The Irvine, Calif.-based company reported losses of -$14.6 million, or -43¢ per share, on sales of $26.3 million for the three months ended March 31, for a sales growth of 2,341.6% compared with Q1 2019.
Earnings per share were -43¢ per share, 14¢ ahead of The Street, where analysts were looking for sales of $14.5 million.

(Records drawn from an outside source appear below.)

(* Let $\Omega\subset\mathbb{R}^n$ ($n=2,3$) be a bounded, simply connected Lipschitz domain, and let $\mathbb{U}\subset H^1_D(\Omega)$ and $\mathbb{Q}_c\subset H^1_P(\Omega)$ be closed subspaces. Let $\mu,\lambda,\kappa,\xi>0$ and define $a^I(\mathbf{u},\boldsymbol{\phi})=(2\mu\epsilon(\mathbf{u}),\epsilon(\boldsymbol{\phi}))+(\lambda\nabla\cdot\mathbf{u},\nabla\cdot\boldsymbol{\phi})$, $b^I(\mathbf{u},p)=(\nabla\cdot\mathbf{u},p)$, $d^I(p,q)=(\kappa^{-1}\nabla p,\nabla q)+(\xi p,q)$. Assume the inf-sup condition: there is a constant $\gamma>0$ independent of $\mu,\lambda,\kappa,\xi$ and of the discretization such that for all $p\in(\mathbb{K}^I)^{\perp}$, $\sup_{\mathbf{u}\in\mathbb{U}}\frac{b^I(\mathbf{u},p)}{\|\mathbf{u}\|_1}\ge\gamma\|p\|_0$, where $\mathbb{K}^I=\{p\in\mathbb{Q}_c: b^I(\boldsymbol{\phi},p)=0\ \forall\boldsymbol{\phi}\in\mathbb{U}\}$. Let $\beta=\max\{\mu,\lambda\}$ and define the norms $\|\mathbf{u}\|_{\mathbb{U}}^2=a^I(\mathbf{u},\mathbf{u})$ and $\|q\|_{\mathbb{Q}_c}^2=\beta^{-1}\|q\|_0^2+d^I(q,q)$. Then the problem: find $(\mathbf{u},p)\in\mathbb{U}\times\mathbb{Q}_c$ with $a^I(\mathbf{u},\boldsymbol{\phi})+b^I(\boldsymbol{\phi},p)=(f,\boldsymbol{\phi})$ and $b^I(\mathbf{u},q)-d^I(p,q)=(g,q)$ for all $(\boldsymbol{\phi},q)\in\mathbb{U}\times\mathbb{Q}_c$, is uniformly well-posed with respect to the parameters under the norms $\|\cdot\|_{\mathbb{U}}$ and $\|\cdot\|_{\mathbb{Q}_c}$.
   Context: $\partial\Omega=\bar\Gamma_{D,u}\cup\bar\Gamma_{N,u}$ with $\Gamma_{D,u}\cap\Gamma_{N,u}=\emptyset$, and $\partial\Omega=\bar\Gamma_{D,v}\cup\bar\Gamma_{N,v}$ with $\Gamma_{D,v}\cap\Gamma_{N,v}=\emptyset$. $H^1_D(\Omega)=\{\mathbf{u}\in (H^1(\Omega))^n:\mathbf{u}=0 \text{ on }\Gamma_{D,u}\}$, $H^1_P(\Omega)=\{p\in H^1(\Omega): p=0\text{ on }\Gamma_{N,v}\}$. $\epsilon(\mathbf{u})=(\nabla\mathbf{u}+\nabla\mathbf{u}^T)/2$; $(\cdot,\cdot)$ and $\|\cdot\|_0$ are the $L^2(\Omega)$ inner product and norm, $\|\cdot\|_1$ the $H^1$ norm. Standing assumptions of the paper: $|\Gamma_{D,u}|>0$ and $|\Gamma_{N,u}|>0$, and (as the paper asserts follows from $|\Gamma_{N,u}|>0$) the kernel $\mathbb{K}^I$ is $\{0\}$. "Uniformly well-posed with respect to parameters under norms $\|\cdot\|_{\mathbb{M}},\|\cdot\|_{\mathbb{N}}$" means: the bilinear form $L(\mathbf{u},p;\boldsymbol{\phi},q)$ given by the left-hand side of the system is bounded on $(\mathbb{M}\times\mathbb{N})^2$ with respect to the product norm $(\|\cdot\|_{\mathbb{M}}^2+\|\cdot\|_{\mathbb{N}}^2)^{1/2}$ and satisfies $\inf_{(\mathbf{u},p)}\sup_{(\boldsymbol{\phi},q)}\frac{L(\mathbf{u},p;\boldsymbol{\phi},q)}{\|(\mathbf{u},p)\|\,\|(\boldsymbol{\phi},q)\|}\ge c>0$, with both the boundedness constant and $c$ independent of $\mu,\lambda,\kappa,\xi$ (and of the discretization). *)

theory Defs
  imports "HOL-Analysis.Analysis"
begin
definition scenario_lagrangian :: "'w \<Rightarrow> real^'j \<Rightarrow> real^'m \<Rightarrow> (real^'m) \<times> (real^'n) \<Rightarrow> real" where
  "scenario_lagrangian i mi lami z = mi \<bullet> (C *v fst z + Q i *v snd z) + p i * (lami \<bullet> fst z)"

lemma f_dual_tilde_eq_Inf:
  "f_dual_tilde A b C W T h Q p i mi lami = Inf (scenario_lagrangian i mi lami ` F i)"
  unfolding f_dual_tilde_def scenario_lagrangian_def by (simp add: case_prod_beta')

lemma continuous_on_scenario_lagrangian: "continuous_on S (scenario_lagrangian i mi lami)"
  unfolding scenario_lagrangian_def
  by (intro continuous_intros bounded_linear.continuous_on[OF matrix_vector_mul_bounded_linear])

lemma f_dual_tilde_le:
  assumes "z \<in> F i"
  shows "f_dual_tilde A b C W T h Q p i mi lami \<le> scenario_lagrangian i mi lami z"
proof -
  have "compact (scenario_lagrangian i mi lami ` F i)"
    by (rule compact_continuous_image[OF continuous_on_scenario_lagrangian F_compact])
  then have "bdd_below (scenario_lagrangian i mi lami ` F i)"
    by (intro bounded_imp_bdd_below compact_imp_bounded)
  then show ?thesis
    unfolding f_dual_tilde_eq_Inf using assms by (simp add: cInf_lower)
qed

“We are quite proud of this quarter’s exceptional revenue result considering we had only been in the market for two months prior to the start of 2020. Moreover, we believe that this result ranks among the highest revenue total generated in the history of the medical device industry for a company’s first full quarter of sales in the U.S. following FDA approval. The results are a testament to the quality of our 170 person U.S. commercial team and were driven by the overwhelmingly positive response from the SNM implanting community and their patients to the introduction of a bespoke SNM device that is intuitive, fuss-free, long-lived, MRI compatible, safe and clinically effective,” CEO Raymond Cohen said in a news release.
“This quarter’s results reinforce our confidence that the SNM market is poised for meaningful expansion in the years ahead, driven to a large extent by Axonics’ continuous innovation and commitment to increasing patient awareness. As elective procedures are rescheduled, we expect to be very active in the months ahead as more patients say ‘yes’ to Axonics and SNM therapy. Despite the setback from COVID-19, we remain bullish about our prospects for continued growth in 2020 and beyond,” Cohen said.
Shares in AXNX were up 7.63% to $35.82 apiece in late-morning trading. MassDevice’s MedTech 100 Index — which includes stocks of the world’s largest medical device companies — was up 0.9%.